Understanding q-value and FDR in Differential Expression Analysis
Daqian
Introduction to q-value and FDR
In differential gene expression analysis, researchers are often confronted with the challenge of distinguishing true signals — those genes that are genuinely differentially expressed, from the noise — genes that appear to be differentially expressed due to random chance. The p-value is a commonly used statistic to address this issue, but when dealing with thousands of genes, the false discovery rate (FDR) becomes critically important. The q-value is an adjusted p-value that controls for the FDR, and it’s particularly useful in large-scale testing scenarios, such as genomic studies.
The hedenfalk dataset
The hedenfalk
dataset includes results from an analysis of gene expression related to BRCA1 and BRCA2 mutations in breast cancer patients. It contains p-values, test statistics, and empirical null statistics for 3170 genes.
Let’s load the dataset and inspect its structure:
library(qvalue)
## Warning: package 'qvalue' was built under R version 4.3.1
data(hedenfalk)
class(hedenfalk)
## [1] "list"
names(hedenfalk)
## [1] "p" "stat" "stat0"
We can extract the p-values and observe the statistics as follows:
pvalues = hedenfalk$p
obs_stats = hedenfalk$stat
null_stats = hedenfalk$stat0
length(obs_stats)
## [1] 3170
length(null_stats)
## [1] 317000
Calculating q-values
Using the qvalue
package, we can calculate q-values for each p-value:
qobj = qvalue(p = pvalues)
class(qobj)
## [1] "qvalue"
names(qobj)
## [1] "call" "pi0" "qvalues" "pvalues" "lfdr"
## [6] "pi0.lambda" "lambda" "pi0.smooth"
qvalues = qobj$qvalues
pi0 = qobj$pi0
lfdr = qobj$lfdr
A quick summary and visualization can be provided by:
summary(qobj)
##
## Call:
## qvalue(p = pvalues)
##
## pi0: 0.669926
##
## Cumulative number of significant calls:
##
## <1e-04 <0.001 <0.01 <0.025 <0.05 <0.1 <1
## p-value 15 76 265 424 605 868 3170
## q-value 0 0 1 73 162 319 3170
## local FDR 0 0 3 30 85 167 2241
hist(qobj)
plot(qobj)
Interpreting q-values and FDR
When we execute the command max(qvalues[qobj$pvalues <= 0.01])
, we find the highest q-value among all p-values less than or equal to 0.01. Suppose this q-value is 0.07932; it implies that we estimate about 7.932% of the genes identified as differentially expressed (p-value <= 0.01) are false positives.
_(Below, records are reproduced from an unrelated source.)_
lemma moment_mix:
  "moments_summable j P \<Longrightarrow> moments_summable j Q \<Longrightarrow> moment j (mix P Q) = (moment j P + moment j Q) / 2"
  unfolding moment_def[of j "mix P Q"] by (rule infsumI) (rule has_sum_moment_mix, auto)

lemma has_sum_sum:
  fixes f :: "'i \<Rightarrow> 'a \<Rightarrow> 'b::topological_comm_monoid_add"
  shows "finite I \<Longrightarrow> (\<And>i. i \<in> I \<Longrightarrow> (f i has_sum s i) A) \<Longrightarrow>
    ((\<lambda>x. \<Sum>i\<in>I. f i x) has_sum (\<Sum>i\<in>I. s i)) A"
proof (induction I rule: finite_induct)
  case (insert i I)
  then have "((\<lambda>x. f i x + (\<Sum>i\<in>I. f i x)) has_sum (s i + (\<Sum>i\<in>I. s i))) A"
    by (intro has_sum_add) auto
  then show ?case using insert by simp
qed simp

lemma has_sum_moment_translate:
  assumes "moments_summable n P" and "j \<le> n"
  shows "((\<lambda>k. real_of_int k ^ j * translate c P k)
    has_sum (\<Sum>l\<le>j. of_nat (j choose l) * of_int c ^ (j - l) * moment l P)) UNIV"
proof -
  have "((\<lambda>i. \<Sum>l\<le>j. of_nat (j choose l) * of_int c ^ (j - l) * (real_of_int i ^ l * P i))
      has_sum (\<Sum>l\<le>j. of_nat (j choose l) * of_int c ^ (j - l) * moment l P)) UNIV"
    using assms(2) by (intro has_sum_sum has_sum_cmult_right has_sum_moment[OF assms(1)]) auto
  moreover have "real_of_int (i + c) ^ j * P i =
      (\<Sum>l\<le>j. of_nat (j choose l) * of_int c ^ (j - l) * (real_of_int i ^ l * P i))" for i
    by (simp add: binomial_ring sum_distrib_left sum_distrib_right mult_ac)
  ultimately have "((\<lambda>i. real_of_int (i + c) ^ j * P i)
      has_sum (\<Sum>l\<le>j. of_nat (j choose l) * of_int c ^ (j - l) * moment l P)) UNIV"
    by simp
  moreover have "bij_betw (\<lambda>i. i + c) UNIV UNIV"
    by (rule bij_betwI[where g = "\<lambda>k. k - c"]) auto
  ultimately show ?thesis
    using has_sum_reindex_bij_betw[of "\<lambda>i. i + c" UNIV UNIV "\<lambda>k. real_of_int k ^ j * translate c P k"]
    by (simp add: translate_def)
qed

lemma moments_summable_translate: "moments_summable n P \<Longrightarrow> moments_summable n (translate c P)"
  by (rule moments_summableI) (rule has_sum_moment_translate)

lemma moment_translate:
  "moments_summable j P \<Longrightarrow>
    moment j (translate c P) = (\<Sum>l\<le>j. of_nat (j choose l) * of_int c ^ (j - l) * moment l P)"
  unfolding moment_def[of j "translate c P"] by (rule infsumI) (rule has_sum_moment_translate, auto)

lemma moment_translate_low:
  assumes "moments_summable 2 P"
  shows "moment 0 (translate c P) = moment 0 P"
    and "moment 1 (translate c P) = moment 1 P + of_int c * moment 0 P"
    and "moment 2 (translate c P) = moment 2 P + 2 * of_int c * moment 1 P + of_int c ^ 2 * moment 0 P"
  using moment_translate[OF moments_summable_mono[OF assms], of _ c]
  by (simp_all add: numeral_2_eq_2)

lemma has_sum_moment_point_mass: "((\<lambda>k. real_of_int k ^ j * point_mass c k) has_sum of_int c ^ j) UNIV"
  by (rule has_sum_finite_neutralI[of "{c}"]) (auto simp: point_mass_def)

lemma moments_summable_point_mass: "moments_summable n (point_mass c)"
  by (rule moments_summableI) (rule has_sum_moment_point_mass)

lemma moment_point_mass: "moment j (point_mass c) = of_int c ^ j"
  unfolding moment_def by (rule infsumI) (rule has_sum_moment_point_mass)

lemma central_moment_2:
  assumes "moments_summable 2 P" and "moment 0 P = 1"
  shows "(\<Sum>\<^sub>\<infinity>k. (real_of_int k - moment 1 P)\<^sup>2 * P k) = moment 2 P - (moment 1 P)\<^sup>2"
proof -
  let ?\<mu> = "moment 1 P"
  have "((\<lambda>k. real_of_int k ^ 2 * P k + (- 2 * ?\<mu>) * (real_of_int k ^ 1 * P k) + ?\<mu>\<^sup>2 * (real_of_int k ^ 0 * P k))
      has_sum (moment 2 P + (- 2 * ?\<mu>) * ?\<mu> + ?\<mu>\<^sup>2 * moment 0 P)) UNIV"
    using assms(1) by (intro has_sum_add has_sum_cmult_right has_sum_moment) auto
  then show ?thesis
    using assms(2) by (intro infsumI) (simp add: power2_eq_square algebra_simps)
qed

section \<open>The distributions a and b\<close>

lemma d_0: "d 0 n = 0"
  by (simp add: d_def)

lemma d_1_even: "d 1 (2 * n) = int (n mod 2)"
  using d_odd_even[of 0 n] by (simp add: d_0)

lemma d_1_odd: "d 1 (2 * n + 1) = d 1 n - int (n mod 2)"
  using d_odd_odd[of 0 n] by simp

lemma d_1_le_1: "d 1 n \<le> 1"
proof (induction n rule: less_induct)
  case (less n)
  show ?case
  proof (cases "even n")
    case True
    then obtain m where "n = 2 * m" by blast
    then show ?thesis using d_1_even[of m] by simp
  next
    case False
    then obtain m where n: "n = 2 * m + 1" using oddE by blast
    then have "m < n" by simp
    then show ?thesis using less.IH[of m] d_1_odd[of m] n by simp
  qed
qed

lemma int_Suc_mod_2: "int (Suc s mod 2) = 1 - int (s mod 2)"
  by presburger

lemma has_distribution_d_even_even:
  assumes "has_distribution (\<lambda>n. d s (2 * n)) P" and "has_distribution (\<lambda>n. d s (2 * n + 1)) Q"
  shows "has_distribution (\<lambda>n. d (2 * s) (2 * n)) (mix P Q)"
  using assms by (rule has_distribution_interleave) (simp_all only: d_even_even)

lemma has_distribution_d_even_odd:
  assumes "has_distribution (\<lambda>n. d s (2 * n)) P" and "has_distribution (\<lambda>n. d s (2 * n + 1)) Q"
  shows "has_distribution (\<lambda>n. d (2 * s) (2 * n + 1))
    (mix (translate (int (s mod 2)) P) (translate (- int (s mod 2)) Q))"
proof (rule has_distribution_interleave[OF has_distribution_translate[OF assms(1)]
      has_distribution_translate[OF assms(2)]])
  fix m
  show "d (2 * s) (2 * (2 * m) + 1) = d s (2 * m) + int (s mod 2)"
    unfolding d_even_odd by simp
  show "d (2 * s) (2 * (2 * m + 1) + 1) = d s (2 * m + 1) + - int (s mod 2)"
    unfolding d_even_odd by (simp add: int_Suc_mod_2)
qed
In other words, we have an FDR of 0.07932.
Conversely, running max(pvalues[qobj$qvalues <= 0.01])
gives us the highest p-value that corresponds to a controlled q-value of less than or equal to 0.01. Let’s say this p-value is 3.15e-06. This means, for all genes with a p-value <= 3.15e-06, their FDR does not exceed 1%.
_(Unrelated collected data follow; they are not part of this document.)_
lemma matrix_inv_massM:
  fixes m11 m22 m23 m32 m33 :: real
  defines "d \<equiv> m22 * m33 - m23 * m32"
  assumes "m11 \<noteq> 0" "d \<noteq> 0"
  shows "matrix_inv (massM m11 m22 m23 m32 m33) =
      mat3 (1/m11) 0 0  0 (m33/d) (- m23/d)  0 (- m32/d) (m22/d)"
    and "matrix_inv (massM m11 m22 m23 m32 m33) ** massM m11 m22 m23 m32 m33 = mat 1"
proof -
  let ?M = "massM m11 m22 m23 m32 m33"
  let ?K = "mat3 (1/m11) 0 0  0 (m33/d) (- m23/d)  0 (- m32/d) (m22/d)"
  have right: "?M ** ?K = mat 1" and left: "?K ** ?M = mat 1"
    using assms
    by (simp_all add: vec_eq_iff forall_3 matrix_matrix_mult_def sum_3 mat3_def massM_def mat_def
        diff_divide_distrib[symmetric] add_divide_distrib[symmetric] mult.commute)
  show inv: "matrix_inv ?M = ?K"
    using right left by (rule matrix_inv_eqI)
  show "matrix_inv ?M ** ?M = mat 1"
    unfolding inv by (rule left)
qed

lemma massM_det_pos:
  assumes posdef: "\<And>x::real^3. x \<noteq> 0 \<Longrightarrow> x \<bullet> (massM m11 m22 m23 m32 m33 *v x) > 0"
  shows "m22 * m33 - m23 * m32 > 0"
proof -
  have quadratic_form: "x \<bullet> (massM m11 m22 m23 m32 m33 *v x)
      = m11 * (x$1)\<^sup>2 + m22 * (x$2)\<^sup>2 + (m23 + m32) * x$2 * x$3 + m33 * (x$3)\<^sup>2" for x :: "real^3"
    by (simp add: massM_def mat3_def inner_vec_def sum_3 matrix_vector_mult_def
        algebra_simps power2_eq_square)
  have "(axis 2 1 :: real^3) \<noteq> 0" by (simp add: axis_eq_0_iff)
  from posdef[OF this] have "m22 > 0" by (simp add: quadratic_form axis_def)
  define x :: "real^3" where "x = vector [0, m23, - m22]"
  have "x $ 3 \<noteq> 0" using \<open>m22 > 0\<close> by (simp add: x_def)
  then have "x \<noteq> 0" by auto
  from posdef[OF this] have "m22 * (m22 * m33 - m23 * m32) > 0"
    by (simp add: quadratic_form x_def algebra_simps power2_eq_square)
  with \<open>m22 > 0\<close> show ?thesis by (simp add: zero_less_mult_iff)
qed

lemma gainT_mult_matrix_inv:
  assumes "kap M 1 2 = 0" "kap M 1 3 = 0" "kap M 2 1 = 0" "kap M 3 1 = 0"
    and "kap M 1 1 \<noteq> 0" "kap M 2 2 \<noteq> 0" "kap M 3 3 \<noteq> 0"
  shows "gainT M g1 g2 g3 ** matrix_inv M = sigmaK M *\<^sub>R diag3 g1 g2 g3"
proof -
  have "matrix_inv M = (\<chi> i j. kap M i j)"
    by (simp add: kap_def vec_eq_iff)
  then show ?thesis
    using assms
    by (simp add: gainT_def sigmaK_def diag3_def vec_eq_iff forall_3 matrix_matrix_mult_def
        sum_3 mat3_def field_simps)
qed

lemma sigmaK_pos:
  assumes "kap M 2 3 * kap M 3 2 < kap M 2 2 * kap M 3 3" "kap M 2 2 * kap M 3 3 > 0"
  shows "sigmaK M > 0"
  using assms by (simp add: sigmaK_def)

theorem mainTheorem1:
  fixes m11 m22 m23 m32 m33 g1 g2 g3 :: real
    and h :: hydro
    and \<nu> \<nu>' \<zeta> \<tau> :: "real \<Rightarrow> real^3"
    and \<tau>d :: "real^3"
  defines "M \<equiv> massM m11 m22 m23 m32 m33"
  defines "T \<equiv> gainT M g1 g2 g3"
  defines "\<sigma> \<equiv> sigmaK M"
  defines "\<tau>hat \<equiv> (\<lambda>t. \<zeta> t + T *v \<nu> t)"
  defines "z \<equiv> (\<lambda>t. \<tau>d - \<tau>hat t)"
  assumes pos: "m11 > 0" "m22 > 0" "m23 > 0" "m32 > 0" "m33 > 0"
    and sym: "m23 = m32"
    and posdef: "\<And>x::real^3. x \<noteq> 0 \<Longrightarrow> x \<bullet> (M *v x) > 0"
    and kcond: "kap M 2 3 * kap M 3 2 < kap M 2 2 * kap M 3 3"
    and gpos: "g1 > 0" "g2 > 0" "g3 > 0"
    and nu_deriv: "\<And>t. t \<ge> 0 \<Longrightarrow> (\<nu> has_vector_derivative \<nu>' t) (at t within {0..})"
    and ship: "\<And>t. t \<ge> 0 \<Longrightarrow>
        M *v \<nu>' t + dampD h (\<nu> t) *v \<nu> t + corC m11 m22 m23 (\<nu> t) *v \<nu> t = \<tau> t + \<tau>d"
    and observer: "\<And>t. t \<ge> 0 \<Longrightarrow>
        (\<zeta> has_vector_derivative
           (- (T *v (matrix_inv M *v (\<tau> t + \<tau>hat t - dampD h (\<nu> t) *v \<nu> t
                                        - corC m11 m22 m23 (\<nu> t) *v \<nu> t)))))
        (at t within {0..})"
  shows "(\<forall>t\<ge>0. (z has_vector_derivative (- (\<sigma> *\<^sub>R (diag3 g1 g2 g3 *v z t)))) (at t within {0..}))
       \<and> (\<forall>t\<ge>0. \<forall>i. z t $ i = exp (- \<sigma> * gam g1 g2 g3 i * t) * z 0 $ i)
       \<and> (z \<longlongrightarrow> 0) at_top"
proof -
  define d where "d = m22 * m33 - m23 * m32"
  have "d > 0"
    using massM_det_pos posdef unfolding M_def d_def by blast
  with pos have "matrix_inv M = mat3 (1/m11) 0 0  0 (m33/d) (- m23/d)  0 (- m32/d) (m22/d)"
      and left_inverse: "matrix_inv M ** M = mat 1"
    using matrix_inv_massM unfolding M_def d_def by auto
  then have kappa: "kap M 1 1 = 1/m11" "kap M 2 2 = m33/d" "kap M 3 3 = m22/d"
      "kap M 1 2 = 0" "kap M 1 3 = 0" "kap M 2 1 = 0" "kap M 3 1 = 0"
    by (simp_all add: kap_def mat3_def)
  have TK: "T ** matrix_inv M = \<sigma> *\<^sub>R diag3 g1 g2 g3"
    unfolding T_def \<sigma>_def using pos \<open>d > 0\<close> by (intro gainT_mult_matrix_inv) (simp_all add: kappa)
  have sigma_pos: "\<sigma> > 0"
    unfolding \<sigma>_def using kcond pos \<open>d > 0\<close> by (intro sigmaK_pos) (simp_all add: kappa)
  have z_deriv: "(z has_vector_derivative - (\<sigma> *\<^sub>R (diag3 g1 g2 g3 *v z t))) (at t within {0..})"
    if "t \<ge> 0" for t
    using observer_error_has_vector_derivative[OF left_inverse nu_deriv, of t
        "\<tau> t - dampD h (\<nu> t) *v \<nu> t - corC m11 m22 m23 (\<nu> t) *v \<nu> t" \<tau>d \<zeta> T]
      ship[OF that] observer[OF that] that
    unfolding z_def \<tau>hat_def TK by (simp add: algebra_simps scaleR_matrix_vector_assoc)
  show ?thesis
    using z_deriv diag3_ode_solution_nth[of z \<sigma>] diag3_ode_tendsto_zero[OF z_deriv sigma_pos gpos]
    by blast
qed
Using a specific FDR level
When we run the qvalue
function with an fdr.level = 0.01
, we get:
qobj_fdrlevel = qvalue(p = hedenfalk$p, fdr.level = 0.01)
head(qobj_fdrlevel$significant); length(qobj_fdrlevel$significant)
## [1] FALSE FALSE FALSE FALSE FALSE FALSE
## [1] 3170
This command also yields a logical vector significant
, which indicates which genes meet the FDR threshold of 0.01. To get the indices of these genes, we can use:
significant_genes = which(qobj_fdrlevel$significant)
head(significant_genes)
## [1] 1413
Conclusion
The q-value is a powerful tool for researchers performing large-scale hypothesis testing, as it provides a means to control the false discovery rate. By utilizing the qvalue
package in R, we can confidently identify genes that are truly differentially expressed, while minimizing the rate of false positives. This is crucial in fields like genomics, where the sheer number of simultaneous tests can lead to a high number of false discoveries if not properly controlled.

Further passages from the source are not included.